Rather than focusing only on one segment of the millets (spreading health awareness), there is a need to focus on the entire value chain.

This includes improved varieties while assuring millets better shelf lives, efficient processing and access to markets, branding, packaging, awareness programmes, and also collaborations with ready-to-eat brands.

There is also a need for breakthroughs in productivity to make these crops more competitive and stimulate commercial demand. The efforts taken to boost poultry egg demands in India can also be taken into consideration.

What lesson can be learnt from the poultry egg industry?

During the 1980s, poultry farmers in India faced a problem of low egg demand due to the country’s predominantly vegetarian culture.
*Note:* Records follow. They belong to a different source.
(* Let $C=L_1;\ldots;L_D$ be a sorting network on $n$ channels containing no redundant comparators, and suppose that $C$ contains a comparator $(i,j)$ in layer $L_d$ with $j>i+1$. Then at least one of the channels $i$ and $j$ is used in some layer $L_{d'}$ with $d'>d$.
   Context: Channels are numbered $1,\ldots,n$. A comparator network is a sequence $C=L_1;\ldots;L_D$ of layers; each layer is a set of comparators $(i,j)$ with $1\le i<j\le n$, each channel occurring in at most one comparator of a layer. An input $\bar x\in\{0,1\}^n$ propagates: $\bar x_0=\bar x$, and $\bar x_k$ is obtained from $\bar x_{k-1}$ by, for each $(i,j)\in L_k$, putting the minimum of the values at positions $i,j$ at position $i$ and the maximum at position $j$. The output is $C(\bar x)=\bar x_D$; $C$ is a sorting network if $C(\bar x)$ is sorted non-decreasingly for all $\bar x\in\{0,1\}^n$. A comparator $(i,j)\in L_\ell$ is redundant if for every input $\bar x$ we have $(\bar x_{\ell-1})_i\le(\bar x_{\ell-1})_j$. A channel is used in layer $L_\ell$ if it occurs in some comparator of $L_\ell$. *)

theory Defs
  imports Main
begin

type_synonym comparator = "nat \<times> nat"
type_synonym layer = "comparator set"
type_synonym network = "layer list"

definition layer_of :: "network \<Rightarrow> nat \<Rightarrow> layer" where
  "layer_of C l = C ! (l - 1)"

definition wf_layer :: "nat \<Rightarrow> layer \<Rightarrow> bool" where
  "wf_layer n L \<longleftrightarrow>
     (\<forall>(i,j)\<in>L. 1 \<le> i \<and> i < j \<and> j \<le> n) \<and>
     (\<forall>c\<in>L. \<forall>c'\<in>L. c \<noteq> c' \<longrightarrow>
        {fst c, snd c} \<inter> {fst c', snd c'} = {})"

definition wf_network :: "nat \<Rightarrow> network \<Rightarrow> bool" where
  "wf_network n C \<longleftrightarrow> (\<forall>L\<in>set C. wf_layer n L)"

definition apply_layer :: "layer \<Rightarrow> (nat \<Rightarrow> nat) \<Rightarrow> (nat \<Rightarrow> nat)" where
  "apply_layer L x = (\<lambda>k.
     if \<exists>j. (k,j) \<in> L then min (x k) (x (THE j. (k,j) \<in> L))
     else if \<exists>i. (i,k) \<in> L then max (x (THE i. (i,k) \<in> L)) (x k)
     else x k)"

definition run :: "network \<Rightarrow> nat \<Rightarrow> (nat \<Rightarrow> nat) \<Rightarrow> (nat \<Rightarrow> nat)" where
  "run C k x = foldl (\<lambda>y L. apply_layer L y) x (take k C)"

definition net_output :: "network \<Rightarrow> (nat \<Rightarrow> nat) \<Rightarrow> (nat \<Rightarrow> nat)" where
  "net_output C x = run C (length C) x"

(* 0/1 inputs on channels 1..n (values on other positions are irrelevant) *)
definition binary_input :: "nat \<Rightarrow> (nat \<Rightarrow> nat) \<Rightarrow> bool" where
  "binary_input n x \<longleftrightarrow> (\<forall>k\<in>{1..n}. x k \<in> {0,1})"

definition sorted_on :: "nat \<Rightarrow> (nat \<Rightarrow> nat) \<Rightarrow> bool" where
  "sorted_on n y \<longleftrightarrow> (\<forall>a b. 1 \<le> a \<and> a \<le> b \<and> b \<le> n \<longrightarrow> y a \<le> y b)"

definition sorting_network :: "nat \<Rightarrow> network \<Rightarrow> bool" where
  "sorting_network n C \<longleftrightarrow> wf_network n C \<and>
     (\<forall>x. binary_input n x \<longrightarrow> sorted_on n (net_output C x))"

definition redundant :: "nat \<Rightarrow> network \<Rightarrow> nat \<Rightarrow> comparator \<Rightarrow> bool" where
  "redundant n C l c \<longleftrightarrow>
     (\<forall>x. binary_input n x \<longrightarrow> run C (l - 1) x (fst c) \<le> run C (l - 1) x (snd c))"

definition no_redundant :: "nat \<Rightarrow> network \<Rightarrow> bool" where
  "no_redundant n C \<longleftrightarrow>
     (\<forall>l\<in>{1..length C}. \<forall>c\<in>layer_of C l. \<not> redundant n C l c)"

definition used_in :: "nat \<Rightarrow> layer \<Rightarrow> bool" where
  "used_in k L \<longleftrightarrow> (\<exists>c\<in>L. k = fst c \<or> k = snd c)"

end

theory Submission
  imports Defs
begin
At that time, B.V. Rao (father of the Indian poultry industry) took inspiration from the Amul cooperative model to form a cooperative egg model. Thus, the National Egg Coordination Committee (NECC) was formed.

However, the main challenge faced was low demand for poultry eggs. To overcome the challenge, the NECC collaborated with a top advertising agency and developed a creative jingle, “Sunday ho ya Monday, roz khao ande,”

It resonated well with the country’s middle class and per capita consumption of eggs significantly increased over time. Hence, a similar kind of aggressive campaign is needed for millets to boost its demand and consumption in India.